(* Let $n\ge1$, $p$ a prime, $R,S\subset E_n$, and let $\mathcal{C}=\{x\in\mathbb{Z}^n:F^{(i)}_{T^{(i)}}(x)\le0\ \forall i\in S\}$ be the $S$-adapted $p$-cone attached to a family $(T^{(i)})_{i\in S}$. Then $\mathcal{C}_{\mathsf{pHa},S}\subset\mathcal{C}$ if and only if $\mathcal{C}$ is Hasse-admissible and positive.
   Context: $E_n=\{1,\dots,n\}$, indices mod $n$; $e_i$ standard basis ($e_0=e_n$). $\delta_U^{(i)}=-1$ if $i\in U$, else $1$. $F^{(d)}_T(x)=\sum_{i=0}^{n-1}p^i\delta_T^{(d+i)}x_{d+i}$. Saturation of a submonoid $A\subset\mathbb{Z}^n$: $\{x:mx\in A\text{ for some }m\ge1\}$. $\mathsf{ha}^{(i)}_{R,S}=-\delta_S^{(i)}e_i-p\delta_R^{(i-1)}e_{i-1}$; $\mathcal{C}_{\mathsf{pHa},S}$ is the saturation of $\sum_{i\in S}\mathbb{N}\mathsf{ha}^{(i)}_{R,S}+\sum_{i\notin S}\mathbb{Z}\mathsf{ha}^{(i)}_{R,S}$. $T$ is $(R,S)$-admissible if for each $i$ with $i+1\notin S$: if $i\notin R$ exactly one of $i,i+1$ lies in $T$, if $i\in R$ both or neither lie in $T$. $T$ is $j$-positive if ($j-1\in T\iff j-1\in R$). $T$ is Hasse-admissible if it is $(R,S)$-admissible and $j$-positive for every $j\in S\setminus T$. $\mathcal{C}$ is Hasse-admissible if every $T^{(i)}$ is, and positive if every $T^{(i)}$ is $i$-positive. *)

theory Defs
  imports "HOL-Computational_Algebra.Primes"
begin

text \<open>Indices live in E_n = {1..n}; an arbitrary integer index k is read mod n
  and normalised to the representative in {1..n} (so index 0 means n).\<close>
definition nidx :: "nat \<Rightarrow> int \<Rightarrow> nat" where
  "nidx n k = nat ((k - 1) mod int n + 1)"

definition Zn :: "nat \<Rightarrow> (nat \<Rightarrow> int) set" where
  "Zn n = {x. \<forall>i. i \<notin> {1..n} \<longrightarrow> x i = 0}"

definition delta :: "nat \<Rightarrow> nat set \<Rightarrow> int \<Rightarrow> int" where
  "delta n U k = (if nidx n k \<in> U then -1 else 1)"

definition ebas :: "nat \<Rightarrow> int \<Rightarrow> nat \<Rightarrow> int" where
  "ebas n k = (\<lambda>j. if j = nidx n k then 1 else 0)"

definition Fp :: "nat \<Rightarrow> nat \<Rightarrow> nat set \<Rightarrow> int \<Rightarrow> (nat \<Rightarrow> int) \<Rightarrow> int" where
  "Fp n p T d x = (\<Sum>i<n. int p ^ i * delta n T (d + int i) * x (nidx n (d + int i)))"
____________
Pick out every line of the listing containing the word "subset", and show those lines.

(* Let $n\ge1$, $p$ a prime, $R,S\subset E_n$, and let $\mathcal{C}=\{x\in\mathbb{Z}^n:F^{(i)}_{T^{(i)}}(x)\le0\ \forall i\in S\}$ be the $S$-adapted $p$-cone attached to a family $(T^{(i)})_{i\in S}$. Then $\mathcal{C}_{\mathsf{pHa},S}\subset\mathcal{C}$ if and only if $\mathcal{C}$ is Hasse-admissible and positive.
   Context: $E_n=\{1,\dots,n\}$, indices mod $n$; $e_i$ standard basis ($e_0=e_n$). $\delta_U^{(i)}=-1$ if $i\in U$, else $1$. $F^{(d)}_T(x)=\sum_{i=0}^{n-1}p^i\delta_T^{(d+i)}x_{d+i}$. Saturation of a submonoid $A\subset\mathbb{Z}^n$: $\{x:mx\in A\text{ for some }m\ge1\}$. $\mathsf{ha}^{(i)}_{R,S}=-\delta_S^{(i)}e_i-p\delta_R^{(i-1)}e_{i-1}$; $\mathcal{C}_{\mathsf{pHa},S}$ is the saturation of $\sum_{i\in S}\mathbb{N}\mathsf{ha}^{(i)}_{R,S}+\sum_{i\notin S}\mathbb{Z}\mathsf{ha}^{(i)}_{R,S}$. $T$ is $(R,S)$-admissible if for each $i$ with $i+1\notin S$: if $i\notin R$ exactly one of $i,i+1$ lies in $T$, if $i\in R$ both or neither lie in $T$. $T$ is $j$-positive if ($j-1\in T\iff j-1\in R$). $T$ is Hasse-admissible if it is $(R,S)$-admissible and $j$-positive for every $j\in S\setminus T$. $\mathcal{C}$ is Hasse-admissible if every $T^{(i)}$ is, and positive if every $T^{(i)}$ is $i$-positive. *)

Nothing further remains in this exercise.